(TASK DESCRIPTION): In the material below, find each line with the string "codimension" and copy it.

MATERIAL FOR THIS EXERCISE below:

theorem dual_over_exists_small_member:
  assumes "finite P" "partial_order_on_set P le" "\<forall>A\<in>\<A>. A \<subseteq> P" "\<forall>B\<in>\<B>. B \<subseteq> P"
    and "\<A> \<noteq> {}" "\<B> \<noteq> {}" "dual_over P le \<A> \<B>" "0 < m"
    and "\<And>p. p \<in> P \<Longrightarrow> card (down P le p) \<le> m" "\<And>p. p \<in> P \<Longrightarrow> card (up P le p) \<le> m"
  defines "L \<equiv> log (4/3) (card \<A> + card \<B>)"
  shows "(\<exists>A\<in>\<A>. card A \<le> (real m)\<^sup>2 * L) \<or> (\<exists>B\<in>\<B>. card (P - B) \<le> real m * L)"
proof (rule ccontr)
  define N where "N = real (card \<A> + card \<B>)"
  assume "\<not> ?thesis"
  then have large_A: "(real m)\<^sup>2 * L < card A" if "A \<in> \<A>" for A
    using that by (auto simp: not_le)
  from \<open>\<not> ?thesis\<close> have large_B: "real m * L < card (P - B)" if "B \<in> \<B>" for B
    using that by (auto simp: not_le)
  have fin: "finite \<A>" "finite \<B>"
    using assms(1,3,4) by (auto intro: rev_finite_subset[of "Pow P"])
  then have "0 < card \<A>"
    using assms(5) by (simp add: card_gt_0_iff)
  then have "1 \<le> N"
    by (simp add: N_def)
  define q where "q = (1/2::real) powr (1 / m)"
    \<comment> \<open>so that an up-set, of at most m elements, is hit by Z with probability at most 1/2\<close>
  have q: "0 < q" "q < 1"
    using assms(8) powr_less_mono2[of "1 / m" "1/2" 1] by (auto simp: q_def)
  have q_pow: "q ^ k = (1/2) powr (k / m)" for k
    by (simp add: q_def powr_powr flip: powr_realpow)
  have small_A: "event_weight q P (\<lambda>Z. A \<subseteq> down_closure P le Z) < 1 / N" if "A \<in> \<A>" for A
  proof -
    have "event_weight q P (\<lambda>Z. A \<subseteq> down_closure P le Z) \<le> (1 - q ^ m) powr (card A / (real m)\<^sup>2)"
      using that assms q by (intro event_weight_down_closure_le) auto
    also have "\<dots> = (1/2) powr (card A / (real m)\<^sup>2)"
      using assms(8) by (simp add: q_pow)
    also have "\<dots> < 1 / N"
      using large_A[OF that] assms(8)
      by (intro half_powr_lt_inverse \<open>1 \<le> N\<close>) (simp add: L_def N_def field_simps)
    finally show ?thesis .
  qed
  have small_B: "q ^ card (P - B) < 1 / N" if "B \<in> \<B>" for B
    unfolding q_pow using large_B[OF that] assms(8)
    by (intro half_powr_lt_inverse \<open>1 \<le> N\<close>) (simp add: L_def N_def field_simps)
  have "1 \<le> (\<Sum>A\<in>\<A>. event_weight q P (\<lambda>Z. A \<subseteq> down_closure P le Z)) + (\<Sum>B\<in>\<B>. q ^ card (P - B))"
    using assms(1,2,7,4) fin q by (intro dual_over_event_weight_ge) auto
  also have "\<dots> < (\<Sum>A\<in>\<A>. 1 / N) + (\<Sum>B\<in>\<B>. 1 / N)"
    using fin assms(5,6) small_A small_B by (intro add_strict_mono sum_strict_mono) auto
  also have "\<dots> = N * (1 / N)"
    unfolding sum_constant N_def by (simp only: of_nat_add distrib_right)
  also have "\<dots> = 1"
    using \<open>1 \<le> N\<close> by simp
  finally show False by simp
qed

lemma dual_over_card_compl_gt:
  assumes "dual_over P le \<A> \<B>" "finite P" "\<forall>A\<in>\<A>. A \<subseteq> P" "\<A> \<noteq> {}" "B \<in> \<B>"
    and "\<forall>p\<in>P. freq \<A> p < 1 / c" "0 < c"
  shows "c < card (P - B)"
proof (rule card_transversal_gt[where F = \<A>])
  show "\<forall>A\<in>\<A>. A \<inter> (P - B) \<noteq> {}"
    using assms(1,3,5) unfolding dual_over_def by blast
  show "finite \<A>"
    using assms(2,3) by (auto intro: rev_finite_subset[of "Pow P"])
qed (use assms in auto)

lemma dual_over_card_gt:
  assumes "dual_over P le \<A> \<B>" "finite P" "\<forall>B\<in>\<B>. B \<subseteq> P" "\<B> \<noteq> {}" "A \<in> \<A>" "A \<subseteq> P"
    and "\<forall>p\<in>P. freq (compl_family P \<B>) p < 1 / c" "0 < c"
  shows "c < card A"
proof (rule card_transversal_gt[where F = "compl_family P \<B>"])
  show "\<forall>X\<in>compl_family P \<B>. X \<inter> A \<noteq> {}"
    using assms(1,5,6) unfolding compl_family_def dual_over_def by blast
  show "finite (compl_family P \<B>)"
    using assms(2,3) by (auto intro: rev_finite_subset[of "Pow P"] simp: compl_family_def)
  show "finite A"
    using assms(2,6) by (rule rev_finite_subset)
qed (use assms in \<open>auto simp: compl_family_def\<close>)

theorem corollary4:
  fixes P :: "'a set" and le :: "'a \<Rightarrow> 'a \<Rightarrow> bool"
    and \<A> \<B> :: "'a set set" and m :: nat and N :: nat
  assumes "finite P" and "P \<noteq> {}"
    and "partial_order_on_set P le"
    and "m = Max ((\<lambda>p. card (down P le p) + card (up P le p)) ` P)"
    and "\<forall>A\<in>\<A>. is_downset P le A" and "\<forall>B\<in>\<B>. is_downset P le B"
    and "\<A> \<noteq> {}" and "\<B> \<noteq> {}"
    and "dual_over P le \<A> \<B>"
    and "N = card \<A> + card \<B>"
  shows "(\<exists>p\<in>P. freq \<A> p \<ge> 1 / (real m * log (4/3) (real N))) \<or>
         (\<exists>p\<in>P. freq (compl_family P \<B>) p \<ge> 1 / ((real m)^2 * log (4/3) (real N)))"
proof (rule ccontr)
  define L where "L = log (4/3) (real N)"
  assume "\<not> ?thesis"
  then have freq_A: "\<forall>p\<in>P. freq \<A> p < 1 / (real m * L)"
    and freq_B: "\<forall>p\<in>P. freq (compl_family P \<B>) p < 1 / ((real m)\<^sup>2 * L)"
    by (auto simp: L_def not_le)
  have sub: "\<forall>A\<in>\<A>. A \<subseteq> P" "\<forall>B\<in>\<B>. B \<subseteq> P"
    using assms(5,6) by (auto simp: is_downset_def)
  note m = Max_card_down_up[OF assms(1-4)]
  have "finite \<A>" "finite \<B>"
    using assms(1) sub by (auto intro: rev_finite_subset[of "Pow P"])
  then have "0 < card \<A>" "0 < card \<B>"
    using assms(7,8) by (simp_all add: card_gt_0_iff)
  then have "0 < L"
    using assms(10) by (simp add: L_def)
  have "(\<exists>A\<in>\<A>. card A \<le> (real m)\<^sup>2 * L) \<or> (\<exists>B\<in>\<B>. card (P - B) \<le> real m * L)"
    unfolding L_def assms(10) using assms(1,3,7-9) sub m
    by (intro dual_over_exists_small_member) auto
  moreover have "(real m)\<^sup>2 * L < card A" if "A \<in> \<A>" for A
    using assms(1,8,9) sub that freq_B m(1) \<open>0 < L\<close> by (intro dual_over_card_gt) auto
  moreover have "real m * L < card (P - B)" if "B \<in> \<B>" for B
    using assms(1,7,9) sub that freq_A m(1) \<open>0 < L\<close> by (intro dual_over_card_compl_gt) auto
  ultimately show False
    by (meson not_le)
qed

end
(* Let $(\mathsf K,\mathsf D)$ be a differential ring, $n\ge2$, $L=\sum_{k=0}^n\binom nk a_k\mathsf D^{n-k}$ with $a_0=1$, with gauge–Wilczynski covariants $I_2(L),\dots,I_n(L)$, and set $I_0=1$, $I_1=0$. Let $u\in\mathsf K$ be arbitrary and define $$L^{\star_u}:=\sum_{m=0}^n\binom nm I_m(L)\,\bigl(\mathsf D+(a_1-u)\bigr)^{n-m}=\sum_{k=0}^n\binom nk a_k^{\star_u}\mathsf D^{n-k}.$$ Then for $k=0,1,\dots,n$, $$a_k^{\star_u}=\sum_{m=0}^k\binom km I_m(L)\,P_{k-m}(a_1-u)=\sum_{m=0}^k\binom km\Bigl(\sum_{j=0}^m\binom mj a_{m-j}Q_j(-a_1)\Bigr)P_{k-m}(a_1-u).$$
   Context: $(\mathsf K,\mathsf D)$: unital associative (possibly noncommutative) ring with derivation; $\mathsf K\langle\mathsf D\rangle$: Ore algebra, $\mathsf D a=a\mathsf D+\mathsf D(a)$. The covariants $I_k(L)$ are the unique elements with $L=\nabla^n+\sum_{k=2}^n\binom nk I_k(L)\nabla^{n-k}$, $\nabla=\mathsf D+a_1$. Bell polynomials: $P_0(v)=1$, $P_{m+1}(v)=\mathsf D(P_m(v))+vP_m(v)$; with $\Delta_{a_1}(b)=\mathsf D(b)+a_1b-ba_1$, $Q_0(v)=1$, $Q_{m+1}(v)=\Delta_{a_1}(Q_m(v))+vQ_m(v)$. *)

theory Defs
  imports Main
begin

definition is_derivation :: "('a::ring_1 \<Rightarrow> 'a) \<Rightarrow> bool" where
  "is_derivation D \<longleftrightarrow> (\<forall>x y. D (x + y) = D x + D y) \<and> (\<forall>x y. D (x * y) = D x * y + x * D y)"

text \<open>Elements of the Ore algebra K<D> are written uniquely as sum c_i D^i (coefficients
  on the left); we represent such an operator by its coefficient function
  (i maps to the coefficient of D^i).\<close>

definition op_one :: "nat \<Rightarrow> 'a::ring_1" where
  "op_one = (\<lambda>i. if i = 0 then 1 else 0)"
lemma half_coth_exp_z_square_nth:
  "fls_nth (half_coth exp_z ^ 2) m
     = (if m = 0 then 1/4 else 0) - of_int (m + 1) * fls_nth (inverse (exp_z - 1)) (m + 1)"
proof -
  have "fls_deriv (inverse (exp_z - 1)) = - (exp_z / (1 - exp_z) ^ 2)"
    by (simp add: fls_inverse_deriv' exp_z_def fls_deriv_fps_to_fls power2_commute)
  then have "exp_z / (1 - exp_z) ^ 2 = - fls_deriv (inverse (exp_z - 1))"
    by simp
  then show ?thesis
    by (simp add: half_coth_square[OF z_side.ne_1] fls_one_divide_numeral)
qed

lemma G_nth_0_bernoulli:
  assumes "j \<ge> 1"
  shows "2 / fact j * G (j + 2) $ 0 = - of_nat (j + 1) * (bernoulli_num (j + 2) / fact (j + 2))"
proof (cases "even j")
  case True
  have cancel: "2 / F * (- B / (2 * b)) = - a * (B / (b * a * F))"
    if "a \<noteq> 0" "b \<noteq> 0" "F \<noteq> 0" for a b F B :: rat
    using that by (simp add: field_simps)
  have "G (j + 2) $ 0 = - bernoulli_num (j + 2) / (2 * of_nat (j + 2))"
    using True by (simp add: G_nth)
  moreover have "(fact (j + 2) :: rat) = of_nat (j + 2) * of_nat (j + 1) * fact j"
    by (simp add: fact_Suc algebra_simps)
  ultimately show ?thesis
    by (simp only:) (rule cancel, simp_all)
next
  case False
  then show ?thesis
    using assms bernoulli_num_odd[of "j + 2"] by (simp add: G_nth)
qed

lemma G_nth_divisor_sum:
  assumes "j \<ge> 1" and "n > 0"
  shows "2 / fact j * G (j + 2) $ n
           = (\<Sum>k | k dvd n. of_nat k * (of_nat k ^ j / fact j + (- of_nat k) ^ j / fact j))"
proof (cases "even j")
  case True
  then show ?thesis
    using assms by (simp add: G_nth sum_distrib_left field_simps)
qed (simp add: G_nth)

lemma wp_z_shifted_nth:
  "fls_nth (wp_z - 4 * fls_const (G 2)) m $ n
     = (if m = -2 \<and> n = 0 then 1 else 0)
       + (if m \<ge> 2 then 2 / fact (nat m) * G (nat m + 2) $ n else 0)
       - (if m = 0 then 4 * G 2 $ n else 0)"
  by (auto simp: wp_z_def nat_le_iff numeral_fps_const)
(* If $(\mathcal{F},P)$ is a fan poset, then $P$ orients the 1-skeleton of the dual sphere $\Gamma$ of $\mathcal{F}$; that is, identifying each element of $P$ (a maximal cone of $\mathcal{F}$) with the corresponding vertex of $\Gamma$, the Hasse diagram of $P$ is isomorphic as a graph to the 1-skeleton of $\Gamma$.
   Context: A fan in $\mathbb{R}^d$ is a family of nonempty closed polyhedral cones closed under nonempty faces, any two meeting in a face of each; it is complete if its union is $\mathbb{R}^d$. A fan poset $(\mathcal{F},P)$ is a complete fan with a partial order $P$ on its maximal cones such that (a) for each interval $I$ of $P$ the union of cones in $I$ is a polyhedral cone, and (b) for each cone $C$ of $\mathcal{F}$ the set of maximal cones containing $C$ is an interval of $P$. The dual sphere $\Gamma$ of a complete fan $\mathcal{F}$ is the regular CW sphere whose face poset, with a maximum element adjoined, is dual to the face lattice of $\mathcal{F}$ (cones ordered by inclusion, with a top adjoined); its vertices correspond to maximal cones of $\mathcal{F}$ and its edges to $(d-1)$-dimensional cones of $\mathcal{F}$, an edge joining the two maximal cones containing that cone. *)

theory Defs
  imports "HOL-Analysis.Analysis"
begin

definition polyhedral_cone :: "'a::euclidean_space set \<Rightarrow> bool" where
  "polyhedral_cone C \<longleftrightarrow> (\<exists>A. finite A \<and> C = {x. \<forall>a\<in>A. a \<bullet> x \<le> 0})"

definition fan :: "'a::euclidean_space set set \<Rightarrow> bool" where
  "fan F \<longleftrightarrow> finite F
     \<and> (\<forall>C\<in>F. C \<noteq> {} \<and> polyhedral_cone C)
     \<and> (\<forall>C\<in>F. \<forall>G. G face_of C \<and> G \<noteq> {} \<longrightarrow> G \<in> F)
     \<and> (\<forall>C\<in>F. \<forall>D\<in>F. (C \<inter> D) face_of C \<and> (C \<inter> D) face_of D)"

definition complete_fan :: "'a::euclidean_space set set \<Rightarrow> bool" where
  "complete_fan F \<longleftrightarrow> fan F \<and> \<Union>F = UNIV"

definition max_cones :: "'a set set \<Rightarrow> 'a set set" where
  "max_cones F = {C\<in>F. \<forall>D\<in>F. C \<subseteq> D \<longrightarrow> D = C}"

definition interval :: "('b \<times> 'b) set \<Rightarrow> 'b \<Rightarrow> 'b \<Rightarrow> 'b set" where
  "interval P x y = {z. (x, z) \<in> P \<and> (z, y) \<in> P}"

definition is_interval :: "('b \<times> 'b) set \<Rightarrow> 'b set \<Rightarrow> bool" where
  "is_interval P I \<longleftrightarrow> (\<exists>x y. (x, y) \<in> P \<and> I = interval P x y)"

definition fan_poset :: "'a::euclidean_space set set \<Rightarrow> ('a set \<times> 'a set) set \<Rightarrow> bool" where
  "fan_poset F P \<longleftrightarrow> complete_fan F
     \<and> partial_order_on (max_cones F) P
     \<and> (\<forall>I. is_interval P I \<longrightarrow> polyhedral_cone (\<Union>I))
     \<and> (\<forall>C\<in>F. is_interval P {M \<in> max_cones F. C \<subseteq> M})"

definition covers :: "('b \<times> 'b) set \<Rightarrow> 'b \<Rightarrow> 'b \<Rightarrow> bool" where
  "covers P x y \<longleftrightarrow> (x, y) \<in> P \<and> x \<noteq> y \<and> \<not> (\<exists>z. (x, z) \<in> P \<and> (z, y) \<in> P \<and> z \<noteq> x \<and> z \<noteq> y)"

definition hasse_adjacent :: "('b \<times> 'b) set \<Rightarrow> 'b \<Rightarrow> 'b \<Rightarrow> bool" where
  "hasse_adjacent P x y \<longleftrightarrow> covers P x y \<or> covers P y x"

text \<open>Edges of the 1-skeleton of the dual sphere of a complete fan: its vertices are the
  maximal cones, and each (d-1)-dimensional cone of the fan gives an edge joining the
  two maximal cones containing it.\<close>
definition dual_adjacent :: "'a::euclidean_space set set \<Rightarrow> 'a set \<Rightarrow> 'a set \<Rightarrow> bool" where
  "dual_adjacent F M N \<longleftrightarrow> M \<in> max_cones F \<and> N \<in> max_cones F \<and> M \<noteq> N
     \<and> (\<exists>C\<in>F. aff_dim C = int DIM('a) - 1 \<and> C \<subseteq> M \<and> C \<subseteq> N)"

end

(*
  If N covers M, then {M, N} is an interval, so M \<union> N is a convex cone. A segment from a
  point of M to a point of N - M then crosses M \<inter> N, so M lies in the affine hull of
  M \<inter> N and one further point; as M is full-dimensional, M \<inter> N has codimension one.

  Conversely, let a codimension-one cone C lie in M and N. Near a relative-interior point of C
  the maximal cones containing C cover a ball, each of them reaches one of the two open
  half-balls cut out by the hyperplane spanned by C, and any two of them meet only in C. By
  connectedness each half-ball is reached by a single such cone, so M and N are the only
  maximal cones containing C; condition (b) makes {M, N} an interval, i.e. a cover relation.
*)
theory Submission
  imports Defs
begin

End of MATERIAL FOR THIS EXERCISE.

(RESULT OF THIS TASK):
  M \<inter> N and one further point; as M is full-dimensional, M \<inter> N has codimension one.
  Conversely, let a codimension-one cone C lie in M and N. Near a relative-interior point of C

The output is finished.